▸ **WORK ITEM**
Which lines below fall between the one containing "a b \<noteq>" and the one containing "define X where"? Repeat them exactly, counting both of those lines, and add nothing else.

Stored items from a collection:
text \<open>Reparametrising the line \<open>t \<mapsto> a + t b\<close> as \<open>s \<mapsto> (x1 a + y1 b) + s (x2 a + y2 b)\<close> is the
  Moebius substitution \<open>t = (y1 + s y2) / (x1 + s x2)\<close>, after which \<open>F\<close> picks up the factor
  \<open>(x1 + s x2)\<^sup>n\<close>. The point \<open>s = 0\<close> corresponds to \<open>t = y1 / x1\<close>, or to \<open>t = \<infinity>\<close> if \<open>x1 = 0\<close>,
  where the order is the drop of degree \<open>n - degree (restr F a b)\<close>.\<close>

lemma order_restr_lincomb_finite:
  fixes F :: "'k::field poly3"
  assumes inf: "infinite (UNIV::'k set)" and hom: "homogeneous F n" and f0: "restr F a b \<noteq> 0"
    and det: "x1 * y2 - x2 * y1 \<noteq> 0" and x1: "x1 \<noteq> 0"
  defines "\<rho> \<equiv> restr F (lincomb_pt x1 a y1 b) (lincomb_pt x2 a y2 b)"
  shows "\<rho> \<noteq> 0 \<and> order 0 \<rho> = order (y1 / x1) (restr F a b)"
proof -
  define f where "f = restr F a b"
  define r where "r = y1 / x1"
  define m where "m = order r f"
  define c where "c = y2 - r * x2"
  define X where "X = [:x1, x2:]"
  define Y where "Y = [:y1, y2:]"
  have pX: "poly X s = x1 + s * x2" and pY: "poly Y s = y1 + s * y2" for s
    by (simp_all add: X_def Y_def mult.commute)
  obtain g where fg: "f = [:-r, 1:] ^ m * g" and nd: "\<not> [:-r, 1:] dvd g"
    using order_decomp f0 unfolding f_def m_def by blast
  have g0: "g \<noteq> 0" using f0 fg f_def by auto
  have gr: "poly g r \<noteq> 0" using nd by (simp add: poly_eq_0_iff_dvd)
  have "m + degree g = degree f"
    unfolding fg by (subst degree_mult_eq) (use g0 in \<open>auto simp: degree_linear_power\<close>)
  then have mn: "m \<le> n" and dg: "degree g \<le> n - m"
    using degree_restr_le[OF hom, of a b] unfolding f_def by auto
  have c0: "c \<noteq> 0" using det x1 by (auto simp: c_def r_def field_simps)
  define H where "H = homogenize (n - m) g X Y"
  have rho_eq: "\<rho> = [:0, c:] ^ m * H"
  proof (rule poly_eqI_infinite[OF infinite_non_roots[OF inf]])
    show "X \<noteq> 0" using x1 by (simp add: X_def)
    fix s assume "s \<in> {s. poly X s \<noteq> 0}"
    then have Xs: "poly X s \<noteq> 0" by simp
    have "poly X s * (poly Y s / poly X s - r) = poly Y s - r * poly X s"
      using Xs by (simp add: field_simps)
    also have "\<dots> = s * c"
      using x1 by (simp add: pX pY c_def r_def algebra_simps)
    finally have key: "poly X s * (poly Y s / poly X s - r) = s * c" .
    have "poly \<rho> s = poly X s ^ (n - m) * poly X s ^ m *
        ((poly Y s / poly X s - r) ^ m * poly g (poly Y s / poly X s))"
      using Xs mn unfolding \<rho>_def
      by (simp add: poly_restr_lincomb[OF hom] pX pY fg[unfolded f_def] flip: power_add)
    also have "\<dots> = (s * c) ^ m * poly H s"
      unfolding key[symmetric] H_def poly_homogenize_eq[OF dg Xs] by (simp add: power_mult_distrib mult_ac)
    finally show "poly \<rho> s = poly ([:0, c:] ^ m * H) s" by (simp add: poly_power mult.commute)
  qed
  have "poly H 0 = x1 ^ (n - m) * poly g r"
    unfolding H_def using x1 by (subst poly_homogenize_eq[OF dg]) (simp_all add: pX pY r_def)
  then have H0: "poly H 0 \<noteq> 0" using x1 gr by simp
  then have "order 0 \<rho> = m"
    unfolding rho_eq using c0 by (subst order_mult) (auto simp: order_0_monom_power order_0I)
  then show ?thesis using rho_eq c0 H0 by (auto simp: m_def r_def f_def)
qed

▸ **PROBLEM SOLUTION**
  assumes inf: "infinite (UNIV::'k set)" and hom: "homogeneous F n" and f0: "restr F a b \<noteq> 0"
    and det: "x1 * y2 - x2 * y1 \<noteq> 0" and x1: "x1 \<noteq> 0"
  defines "\<rho> \<equiv> restr F (lincomb_pt x1 a y1 b) (lincomb_pt x2 a y2 b)"
  shows "\<rho> \<noteq> 0 \<and> order 0 \<rho> = order (y1 / x1) (restr F a b)"
proof -
  define f where "f = restr F a b"
  define r where "r = y1 / x1"
  define m where "m = order r f"
  define c where "c = y2 - r * x2"
  define X where "X = [:x1, x2:]"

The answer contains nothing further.